Prompt:
A single count is required: the lines of the data below in which the word "that" occurs.

:: The data ::

text \<open>The 2-opt move: C' reverses the segment of C strictly between positions i and j + 1.\<close>
lemma cycle_pairs_two_opt:
  fixes C :: "'a list"
  assumes "distinct C" "i < j" "j < length C"
  obtains C' P M R where "length C' = length C" "set C' = set C" "distinct C'"
    "cycle_pairs C = P @ (C ! i, cycle_next C i) # M @ (C ! j, cycle_next C j) # R"
    "cycle_pairs C' = P @ (C ! i, C ! j) # rev (map prod.swap M) @ (cycle_next C i, cycle_next C j) # R"
proof -
  define C' where "C' = take (Suc i) C @ rev (take (j - i) (drop (Suc i) C)) @ drop (Suc j) C"
  define P where "P = take (Suc i) C"
  define M where "M = take (j - i) (drop (Suc i) C)"
  define D where "D = drop (Suc j) C"
  define R where "R = D @ [hd C]"
  have "take (Suc i + (j - i)) C = P @ M"
    unfolding P_def M_def by (rule take_add)
  then have C: "C = P @ M @ D"
    using assms(2) unfolding D_def by (metis Suc_diff_le add_Suc append_assoc append_take_drop_id
        le_add_diff_inverse less_imp_le_nat)
  have C': "C' = P @ rev M @ D"
    unfolding C'_def P_def M_def D_def by simp
  have Pne: "P \<noteq> []" and Mne: "M \<noteq> []" and Rne: "R \<noteq> []"
    using assms unfolding P_def M_def R_def by auto
  have lastP: "last P = C ! i"
    using assms Pne unfolding P_def by (simp add: last_conv_nth min_def)
  have hdM: "hd M = cycle_next C i"
    using assms unfolding M_def by (simp add: hd_conv_nth)
  have lastM: "last M = C ! j"
    using assms Mne unfolding M_def by (simp add: last_conv_nth)
  have hdR: "hd R = cycle_next C j"
  proof (cases "Suc j < length C")
    case False
    then have "Suc j = length C"
      using assms by simp
    moreover have "C \<noteq> []"
      using assms by auto
    ultimately show ?thesis
      unfolding R_def D_def by (simp add: hd_conv_nth)
  qed (simp add: R_def D_def hd_drop_conv_nth)
  have "C @ [hd C] = P @ M @ R" and "C' @ [hd C'] = P @ rev M @ R"
    using C C' Pne unfolding R_def by simp_all
  then have "cycle_pairs C = adjacent_pairs P @ (C ! i, cycle_next C i) # adjacent_pairs M @
               (C ! j, cycle_next C j) # adjacent_pairs R"
    and "cycle_pairs C' = adjacent_pairs P @ (C ! i, C ! j) # rev (map prod.swap (adjacent_pairs M)) @
               (cycle_next C i, cycle_next C j) # adjacent_pairs R"
    unfolding cycle_pairs_def using Pne Mne Rne
    by (simp_all add: adjacent_pairs_append lastP hdM lastM hdR hd_rev last_rev adjacent_pairs_rev)
  moreover have "length C' = length C" "set C' = set C" "distinct C'"
    using C C' assms(1) by auto
  ultimately show ?thesis
    using that by blast
qed

lemma is_cycle_two_opt:
  fixes g :: "'a \<Rightarrow> 'a \<Rightarrow> 'b::comm_monoid_add"
  assumes "is_cycle V E C" "i < j" "j < length C"
    and "{C ! i, C ! j} \<in> E" "{cycle_next C i, cycle_next C j} \<in> E"
    and g_sym: "\<And>x y. g x y = g y x"
  obtains C' where "is_cycle V E C'" "length C' = length C"
    "cycle_cost g C' + g (C ! i) (cycle_next C i) + g (C ! j) (cycle_next C j) =
       cycle_cost g C + g (C ! i) (C ! j) + g (cycle_next C i) (cycle_next C j)"
proof -
  have "distinct C"
    using assms(1) by (simp add: is_cycle_def)
  from cycle_pairs_two_opt[OF this assms(2,3)] obtain C' P M R
    where C': "length C' = length C" "set C' = set C" "distinct C'"
      and pairs: "cycle_pairs C = P @ (C ! i, cycle_next C i) # M @ (C ! j, cycle_next C j) # R"
        "cycle_pairs C' = P @ (C ! i, C ! j) # rev (map prod.swap M) @ (cycle_next C i, cycle_next C j) # R"
    by blast
  have old: "{x, y} \<in> E" if "(x, y) \<in> set P \<union> set M \<union> set R" for x y
    using that assms(1) unfolding is_cycle_iff_cycle_pairs pairs by auto
  have "{x, y} \<in> E" if "(x, y) \<in> set (cycle_pairs C')" for x y
    using that old[of x y] old[of y x] assms(4,5) unfolding pairs by (auto simp: insert_commute)
  then have "is_cycle V E C'"
    using assms(1) C' unfolding is_cycle_iff_cycle_pairs by auto
  moreover have "sum_list (map (case_prod g) (rev (map prod.swap M))) = sum_list (map (case_prod g) M)"
    by (simp add: sum_list_rev rev_map[symmetric] comp_def g_sym case_prod_unfold)
  then have "cycle_cost g C' + g (C ! i) (cycle_next C i) + g (C ! j) (cycle_next C j) =
       cycle_cost g C + g (C ! i) (C ! j) + g (cycle_next C i) (cycle_next C j)"
    unfolding cycle_cost_def pairs by (simp add: ac_simps)
  ultimately show ?thesis
    using that C'(1) by blast
qed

:::

Written response:
4